Um hábito positivo pode ser o de fazer um “mapa”, após recolher as avaliações feitas pelos alunos, de quantos estudantes mostraram ter aprendido o conteúdo e quantos não; os que não aprenderam, então, precisam ser reorientados. “A avaliação é a nossa parceira a nos revelar se a nossa ação já produziu o resultado que nós esperávamos e desejávamos que é a aprendizagem dos estudantes”, reflete Cipriano. 

O uso ideal do resultado da investigação avaliativa seria o diagnóstico – o diagnóstico nos permite conhecer a realidade a partir de dados, e depois de estabelecê-lo, é possível tomar decisões informadas. Além disso, o correto seria trabalhar com essa prática durante o ano letivo inteiro, ou seja, corrigindo e reorientando constantemente em vez de simplesmente classificar com notas.
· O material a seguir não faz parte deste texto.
(* Assume $\beta\ge 0$ and $\zeta_l+\zeta_r>0$. Then $$\mathcal{J}_\beta(N)=4(\alpha_{in}^l\alpha_{out}^r-\alpha_{out}^l\alpha_{in}^r)\int_0^\infty\langle e_1,T_t(p_N)e_1\rangle\,dt=-4(\alpha_{in}^l\alpha_{out}^r-\alpha_{out}^l\alpha_{in}^r)\langle e_1,l^{-1}(p_N)e_1\rangle .$$
   Context: Fix an integer $N\ge 2$ and a bounded function $v:\mathbb{N}=\{1,2,\dots\}\to\mathbb{R}$. Let $e_1,\dots,e_N$ be the standard basis of $\mathbb{C}^N$, with inner product $\langle x,y\rangle=\sum_i\overline{x_i}y_i$, and $p_n=|e_n\rangle\langle e_n|$. Let $h$ be the Hermitian $N\times N$ matrix $(h\psi)(n)=-\psi(n+1)-\psi(n-1)+v(n)\psi(n)$, $n=1,\dots,N$, with $\psi(0)=\psi(N+1)=0$. Let $\alpha_{in}^l,\alpha_{out}^l,\alpha_{in}^r,\alpha_{out}^r,\beta\ge 0$ and $\zeta_l=\alpha_{in}^l+\alpha_{out}^l$, $\zeta_r=\alpha_{in}^r+\alpha_{out}^r$. Define $l:M_N(\mathbb{C})\to M_N(\mathbb{C})$ by $l(a)=-i[h,a]-\{\zeta_l p_1+\zeta_r p_N,a\}+\beta\left(\sum_{n=1}^N p_nap_n-a\right)$ ($[x,y]=xy-yx$, $\{x,y\}=xy+yx$), and $T_t=e^{tl}$, $t\ge0$. Under the hypotheses, all eigenvalues of $l$ have negative real part, so $l$ is invertible and $R_\infty=\int_0^\infty T_s(2\alpha_{in}^l p_1+2\alpha_{in}^r p_N)\,ds$ converges. The stationary current is defined as $\mathcal{J}_\beta(N)=2\,\mathrm{Im}\langle e_2,R_\infty e_1\rangle$. *)

theory Defs
  imports "HOL-Analysis.Analysis"
begin

text \<open>N x N complex matrices are represented as functions nat => nat => complex,
  indices 1..N (entries outside {1..N}^2 are irrelevant / zero).
  Entry (i,j) is the matrix element <e_i, a e_j>.\<close>

type_synonym cmat = "nat \<Rightarrow> nat \<Rightarrow> complex"

definition supported :: "nat \<Rightarrow> cmat \<Rightarrow> bool" where
  "supported N a \<longleftrightarrow> (\<forall>i j. i \<notin> {1..N} \<or> j \<notin> {1..N} \<longrightarrow> a i j = 0)"

definition mmul :: "nat \<Rightarrow> cmat \<Rightarrow> cmat \<Rightarrow> cmat" where
  "mmul N a b = (\<lambda>i j. \<Sum>k\<in>{1..N}. a i k * b k j)"

definition proj :: "nat \<Rightarrow> cmat" where
  "proj n = (\<lambda>i j. if i = n \<and> j = n then 1 else 0)"

definition hmat :: "nat \<Rightarrow> (nat \<Rightarrow> real) \<Rightarrow> cmat" where
  "hmat N v = (\<lambda>i j. if i \<in> {1..N} \<and> j \<in> {1..N} then
      (if i = j then complex_of_real (v i) else if i = j + 1 \<or> j = i + 1 then -1 else 0)
    else 0)"

definition lgen :: "nat \<Rightarrow> (nat \<Rightarrow> real) \<Rightarrow> real \<Rightarrow> real \<Rightarrow> real \<Rightarrow> cmat \<Rightarrow> cmat" where
  "lgen N v zl zr \<beta> a = (\<lambda>i j.
      - \<i> * (mmul N (hmat N v) a i j - mmul N a (hmat N v) i j)
      - (mmul N (\<lambda>p q. complex_of_real zl * proj 1 p q + complex_of_real zr * proj N p q) a i j
         + mmul N a (\<lambda>p q. complex_of_real zl * proj 1 p q + complex_of_real zr * proj N p q) i j)
      + complex_of_real \<beta> * ((\<Sum>n\<in>{1..N}. mmul N (mmul N (proj n) a) (proj n) i j) - a i j))"
(* A system $C=(1,c_2,c_3,c_4,c_5,2c_5-c_2)$ is canonical and its subsystem $(1,c_2,c_3,c_4,c_5)$ is noncanonical if and only if $C=(1,2,3,c_4,c_4+1,2c_4)$ and $c_4>4$.
   Context: A system is a tuple $C=(c_1,\dots,c_n)$ of integers with $1=c_1<c_2<\dots<c_n$; for $k\le n$, $(c_1,\dots,c_k)$ is a subsystem. For a positive integer $v$, $\mathrm{opt}_C(v)$ is the minimum of $\sum_i x_i$ over $x\in\mathbb{Z}_{\ge0}^n$ with $\sum_i c_ix_i=v$. The greedy representation of $v$ is produced by: for $i=n$ down to $1$, while $c_i\le$ remaining value, take a coin $c_i$. $\mathrm{grd}_C(v)$ is its number of coins. A positive integer $w$ is a counterexample if $\mathrm{opt}_C(w)<\mathrm{grd}_C(w)$; $C$ is canonical if it has none, noncanonical otherwise. *)

theory Defs
  imports Main
begin

definition is_system :: "nat list \<Rightarrow> bool" where
  "is_system C \<longleftrightarrow> C \<noteq> [] \<and> C ! 0 = 1 \<and> sorted_wrt (<) C"

fun grd_desc :: "nat list \<Rightarrow> nat \<Rightarrow> nat" where
  "grd_desc [] v = 0"
| "grd_desc (c # cs) v = v div c + grd_desc cs (v mod c)"

definition grd :: "nat list \<Rightarrow> nat \<Rightarrow> nat" where
  "grd C v = grd_desc (rev C) v"

definition opt :: "nat list \<Rightarrow> nat \<Rightarrow> nat" where
  "opt C v = (LEAST k. \<exists>x :: nat list. length x = length C \<and>
       (\<Sum>i<length C. C ! i * x ! i) = v \<and> (\<Sum>i<length C. x ! i) = k)"

definition counterexample :: "nat list \<Rightarrow> nat \<Rightarrow> bool" where
  "counterexample C w \<longleftrightarrow> w > 0 \<and> opt C w < grd C w"

definition canonical :: "nat list \<Rightarrow> bool" where
  "canonical C \<longleftrightarrow> (\<forall>w. \<not> counterexample C w)"

end

theory Submission
  imports Defs
begin

text \<open>
  Sufficiency: for \<open>(1,2,3,m,m+1,2m)\<close> the greedy count has a closed form below \<open>2m\<close>
  and grows by one per multiple of \<open>2m\<close>; from it one checks that paying one more coin
  raises the greedy count by at most one, which already forces \<open>grd \<le> opt\<close>. The
  subsystem fails at \<open>2m = m + m\<close>, where greedy pays \<open>m + 1\<close> and then \<open>m - 1\<close> in coins
  \<open>\<le> 3\<close>, which needs at least two more coins once \<open>m > 4\<close>.

  Necessity: write \<open>A = (1,a,b,c,d)\<close> and \<open>e = 2d - a\<close>. Below \<open>e\<close> the systems \<open>A\<close> and
  \<open>C = A + (e)\<close> agree, so the least counterexample \<open>w\<close> of \<open>A\<close> is at least \<open>e\<close>.
  Dropping one coin \<open>x\<close> from an optimal representation of \<open>w\<close> leaves a value where the
  greedy is optimal; this forces \<open>x \<le> c\<close> and \<open>w - x < d\<close>, hence \<open>e < c + d\<close>.
  Canonicity of \<open>C\<close> bounds the greedy count of the two-coin sums \<open>c + d\<close>, \<open>c + b\<close>
  and \<open>c + c\<close> by 2, which successively gives \<open>d = c + a - 1\<close>, \<open>b = 2a - 1\<close> and \<open>a = 2\<close>;
  the greedy count at \<open>c - 1\<close>, which the counterexample \<open>w = e\<close> makes large, rules
  out \<open>c = 4\<close>.
\<close>

lemma grd_desc_Cons_ge:
  "0 < c \<Longrightarrow> c \<le> v \<Longrightarrow> grd_desc (c # cs) v = Suc (grd_desc (c # cs) (v - c))"
  by (simp add: le_div_geq le_mod_geq)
Ao perceber uma lacuna na aprendizagem, os professores têm o poder de decidir inovar e criar condições para que os alunos que não aprenderam possam se reajustar e adquirir conhecimento. 

Existem alguns países no mundo, conta Cipriano, onde a “reprovação” escolar não existe mais; na Dinamarca, Finlândia e Bélgica, por exemplo, há simplesmente uma avaliação diagnóstica para determinar se os estudantes aprenderam o que era necessário ou não – e, se a resposta for não, esses alunos são reorientados. “Por que nós não conseguimos também usar a avaliação como nossa parceira que nos revela a qualidade da aprendizagem dos estudantes e nos permite tomar decisões construtivas para que eles efetivamente aprendam?”, questiona Cipriano.  “A avaliação deixa de ser aquele recurso de só aprovar ou reprovar o estudante, muitas vezes de castigar o estudante, para ser um recurso fundamental de diagnóstico, e como diagnóstico, subsidiando novas decisões para garantir que todos os estudantes aprendam”.

A realidade da educação brasileira ainda está longe de ser ideal, mas é possível, com paciência e empatia, transformar esse cenário – e as avaliações compõem uma parte importante desse plano. Esse aspecto da vida escolar não precisa ser motivo de estresse e medo se for utilizado com foco em seu real objetivo: ajudar professores e educadores a garantir ensino de qualidade a seus alunos.